周宴安转着轮椅在门口探头,见温棠正笨拙地给鱼刮鳞。鱼尾一甩,水溅到她脸上,她皱眉“啧”了一声,手背去蹭,反倒蹭了更多。
“我来吧。”他说。
“不用,”温棠头也不抬,“说好今晚我掌勺。”
她动作生疏,但神情专注。案板上摆着切得厚薄均匀的肉片,几颗香菇滚在角落。锅里炖着汤,咕嘟咕嘟冒着热气。
周宴安没走,停在厨房边缘看她忙碌。窗外飘着细雪,室内灯光明黄,锅沿腾起白雾。这场景陌生又熟悉——许多年前,母亲也这样在厨房里转,父亲在旁打下手。那时他还小,在客厅跑来跑去,等着年夜饭。
轮椅轻微转动的声音让温棠回头。她脸颊沾了点面粉,自己却浑然不觉。
“看什么?”她挑眉。
“看你。”周宴安说,“好看。”
温棠耳根一热,别过脸:“少来这套,干扰不了我。”
话虽如此,切菜的节奏却乱了。
周宴安低笑,转着轮椅靠近。他腿使不上劲,但手还算灵活,捡起滚落的香菇冲洗干净,递到她手边。
“帮你打下手,不算违规。”
温棠没接话,但唇角微微弯来弯。
两人就这么一个切一个递,一个炒一个递调料,竟也配合出几分默契。汤锅热气氤氲,渐渐漫满了整个厨房。

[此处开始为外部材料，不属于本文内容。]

lemma rank_Suc_nth_least: assumes "finite X" "i < card X" shows "rank X (Suc (nth_least X i)) = Suc i"
proof -
  have "{y\<in>X. y < Suc (nth_least X i)} = insert (nth_least X i) {y\<in>X. y < nth_least X i}"
    using nth_least_in[OF assms] by auto
  moreover have "nth_least X i \<notin> {y\<in>X. y < nth_least X i}" by simp
  moreover have "finite {y\<in>X. y < nth_least X i}" using assms(1) by simp
  ultimately have "rank X (Suc (nth_least X i)) = Suc (rank X (nth_least X i))" unfolding rank_def by simp
  thus ?thesis using rank_nth_least[OF assms] by simp
qed

lemma nth_least_less_of_rank: assumes "finite X" "r < rank X x" shows "nth_least X r < x"
proof (rule ccontr)
  assume "\<not> nth_least X r < x"
  have "r < card X" using assms rank_le_card[OF assms(1), of x] by linarith
  have "x \<le> nth_least X r" using \<open>\<not> nth_least X r < x\<close> by simp
  hence "rank X x \<le> rank X (nth_least X r)" by (rule rank_mono[OF assms(1)])
  thus False using rank_nth_least[OF assms(1) \<open>r < card X\<close>] assms(2) by simp
qed

lemma nth_least_le_of_rank_le:
  assumes fA: "finite A" and fB: "finite B" and d: "\<forall>x. rank B x \<le> rank A x" and i: "i < card B"
  shows "nth_least A i \<le> nth_least B i"
proof (rule ccontr)
  assume "\<not> nth_least A i \<le> nth_least B i"
  hence le: "Suc (nth_least B i) \<le> nth_least A i" by simp
  have "rank B (Suc (nth_least B i)) \<le> rank A (Suc (nth_least B i))" using d by (rule spec)
  hence c1: "Suc i \<le> rank A (Suc (nth_least B i))" using rank_Suc_nth_least[OF fB i] by simp
  hence "i < card A" using rank_le_card[OF fA, of "Suc (nth_least B i)"] by simp
  have "rank A (Suc (nth_least B i)) \<le> rank A (nth_least A i)" using rank_mono[OF fA le] .
  thus False using rank_nth_least[OF fA \<open>i < card A\<close>] c1 by simp
qed

lemma rank_le_of_nth_least_le:
  assumes fA: "finite A" and fB: "finite B" and d: "\<forall>r<card B. nth_least A r \<le> nth_least B r"
    and c: "card B \<le> card A"
  shows "rank B x \<le> rank A x"
proof -
  let ?k = "rank B x"
  have kB: "?k \<le> card B" by (rule rank_le_card[OF fB])
  have "nth_least A ` {..<?k} \<subseteq> {y\<in>A. y < x}"
  proof
    fix y assume "y \<in> nth_least A ` {..<?k}"
    then obtain r where r: "r < ?k" "y = nth_least A r" by auto
    have "nth_least B r < x" by (rule nth_least_less_of_rank[OF fB r(1)])
    moreover have "nth_least A r \<le> nth_least B r" using d r kB by auto
    moreover have "nth_least A r \<in> A" using nth_least_in[OF fA] r kB c by auto
    ultimately show "y \<in> {y\<in>A. y < x}" using r by auto
  qed
  moreover have "inj_on (nth_least A) {..<?k}"
    using kB c fA by (auto simp: inj_on_def nth_least_eq_iff)
  ultimately have "card (nth_least A ` {..<?k}) \<le> rank A x"
    unfolding rank_def by (intro card_mono) auto
  thus ?thesis using \<open>inj_on (nth_least A) {..<?k}\<close> by (simp add: card_image)
qed

lemma rank_Diff: assumes "finite C" "A \<subseteq> C" shows "rank (C - A) x + rank A x = rank C x"
proof -
  have "{y\<in>C. y < x} = {y\<in>C - A. y < x} \<union> {y\<in>A. y < x}" using assms by auto
  moreover have "finite {y\<in>C - A. y < x}" "finite {y\<in>A. y < x}" using assms finite_subset by auto
  moreover have "{y\<in>C - A. y < x} \<inter> {y\<in>A. y < x} = {}" by auto
  ultimately show ?thesis unfolding rank_def by (simp add: card_Un_disjoint)
qed

lemma nth_least_Diff_le:
  assumes C: "finite C" "A \<subseteq> C" "B \<subseteq> C"
    and dom: "\<forall>r<card B. nth_least A r \<le> nth_least B r" "card B \<le> card A"
    and i: "i < card (C - A)"
  shows "nth_least (C - B) i \<le> nth_least (C - A) i"
proof (rule nth_least_le_of_rank_le)
  have fin: "finite A" "finite B" using C finite_subset by auto
  show "\<forall>x. rank (C - A) x \<le> rank (C - B) x"
  proof
    fix x
    have "rank B x \<le> rank A x" by (rule rank_le_of_nth_least_le[OF fin(1,2) dom])
    moreover have "rank (C - A) x + rank A x = rank C x" "rank (C - B) x + rank B x = rank C x"
      using rank_Diff C by blast+
    ultimately show "rank (C - A) x \<le> rank (C - B) x" by linarith
  qed
qed (use C i in auto)

lemma nth_least_image_strict_mono:
  assumes mono: "\<And>i j. i < j \<Longrightarrow> j < h \<Longrightarrow> f i < f j" and "i < h"
  shows "nth_least (f ` {..<h}) i = f i"
proof -
  have sorted: "sorted_wrt (<) (map f [0..<h])" using mono by (simp add: sorted_wrt_iff_nth_less)
  then have "distinct (map f [0..<h])" by (simp add: strict_sorted_iff)
  moreover have "set (map f [0..<h]) = f ` {..<h}" by (auto simp: atLeast0LessThan)
  ultimately have "sorted_list_of_set (f ` {..<h}) = map f [0..<h]"
    using sorted by (subst sorted_list_of_set_unique[symmetric]) (auto dest: distinct_card)
  then show ?thesis using \<open>i < h\<close> by (simp add: nth_least_def)
qed

lemma mem_downset_iff_rank:
  assumes fF: "finite F" and DF: "D \<subseteq> F" and dc: "\<And>j j'. j \<in> D \<Longrightarrow> j' \<in> F \<Longrightarrow> j' \<le> j \<Longrightarrow> j' \<in> D"
    and j: "j \<in> F"
  shows "j \<in> D \<longleftrightarrow> rank F j < card D"
proof
  assume jD: "j \<in> D"
  have "{y\<in>F. y < j} \<subseteq> D - {j}" using dc[OF jD] by auto
  hence "rank F j \<le> card (D - {j})" unfolding rank_def
    by (intro card_mono) (use fF DF finite_subset in auto)
  also have "\<dots> < card D" using jD fF DF finite_subset by (intro card_Diff1_less) auto
  finally show "rank F j < card D" .
next
  assume lt: "rank F j < card D"
  show "j \<in> D"
  proof (rule ccontr)
    assume jD: "j \<notin> D"
    have "D \<subseteq> {y\<in>F. y < j}"
    proof
      fix d assume d: "d \<in> D"
      have "\<not> j \<le> d"
      proof
        assume "j \<le> d" thus False using dc[OF d j] jD by simp
      qed
      thus "d \<in> {y\<in>F. y < j}" using d DF by auto
    qed
    hence "card D \<le> rank F j" unfolding rank_def by (intro card_mono) (use fF in auto)
    thus False using lt by simp
  qed
qed

lemma card_rank_less:
  assumes fF: "finite F"
  shows "card {j\<in>F. rank F j < s} = min s (card F)"
proof -
  have "{j\<in>F. rank F j < s} = nth_least F ` {..<min s (card F)}"
  proof
    show "{j\<in>F. rank F j < s} \<subseteq> nth_least F ` {..<min s (card F)}"
    proof
      fix j assume "j \<in> {j\<in>F. rank F j < s}"
      hence jF: "j \<in> F" and js: "rank F j < s" by auto
      obtain r where r: "r < card F" "nth_least F r = j" using nth_least_surj[OF fF jF] by blast
      have "rank F j = r" using rank_nth_least[OF fF r(1)] r(2) by simp
      hence "r \<in> {..<min s (card F)}" using r js by simp
      thus "j \<in> nth_least F ` {..<min s (card F)}" using r(2) by blast
    qed
    show "nth_least F ` {..<min s (card F)} \<subseteq> {j\<in>F. rank F j < s}"
    proof
      fix j assume "j \<in> nth_least F ` {..<min s (card F)}"
      then obtain r where r: "r < s" "r < card F" "j = nth_least F r" by auto
      show "j \<in> {j\<in>F. rank F j < s}" using nth_least_in[OF fF r(2)] rank_nth_least[OF fF r(2)] r by simp
    qed
  qed
  moreover have "inj_on (nth_least F) {..<min s (card F)}"
  proof (rule inj_onI)
    fix x y assume "x \<in> {..<min s (card F)}" "y \<in> {..<min s (card F)}" "nth_least F x = nth_least F y"
    thus "x = y" using nth_least_eq_iff[OF fF, of x y] by simp
  qed
  ultimately show ?thesis by (simp add: card_image)
qed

饭菜都被端到桌子上,温棠细心做了摆盘,美滋滋的拍了张照片拍到朋友圈。
围裙一摘,手洗的干干净净,她拿了双筷子夹了块软炸里脊放到嘴里,“不错,不错,非常成功。”
转头看到周宴安潋滟的桃花眼,她眼珠一转,“你要不要来一口?”
周宴安直觉她不怀好意,“那你喂我。”
果然,里脊在他嘴边转了一圈,最后还是进了温棠自己的口中。
他作势要去抢走她手里的筷子,温棠一躲,他便扑进了她的怀里。
“小心一点。”温棠搂着他绵软无力的腰腹把他带起来一点,余光扫到两人玩闹间,他的拖鞋早已甩飞。
温棠搂着周宴安的腰,小心地将他扶回轮椅坐稳。
她嘴里还叼着那半块里脊,蹲下身,握住他的脚踝。他脚踝形状优美,但因多年瘫痪显得有些松垮无力,皮肤苍白,能看清底下淡青色的血管。
她指尖在那处轻轻摩挲了一下,才拿起甩飞的拖鞋,仔细替他穿上。
周宴安垂眸看她,喉结动了动。这场景太过亲密——她蹲在他脚边,长发从肩头滑落,唇边还沾着一点酱汁。而他毫无知觉的腿,正被她握在手里。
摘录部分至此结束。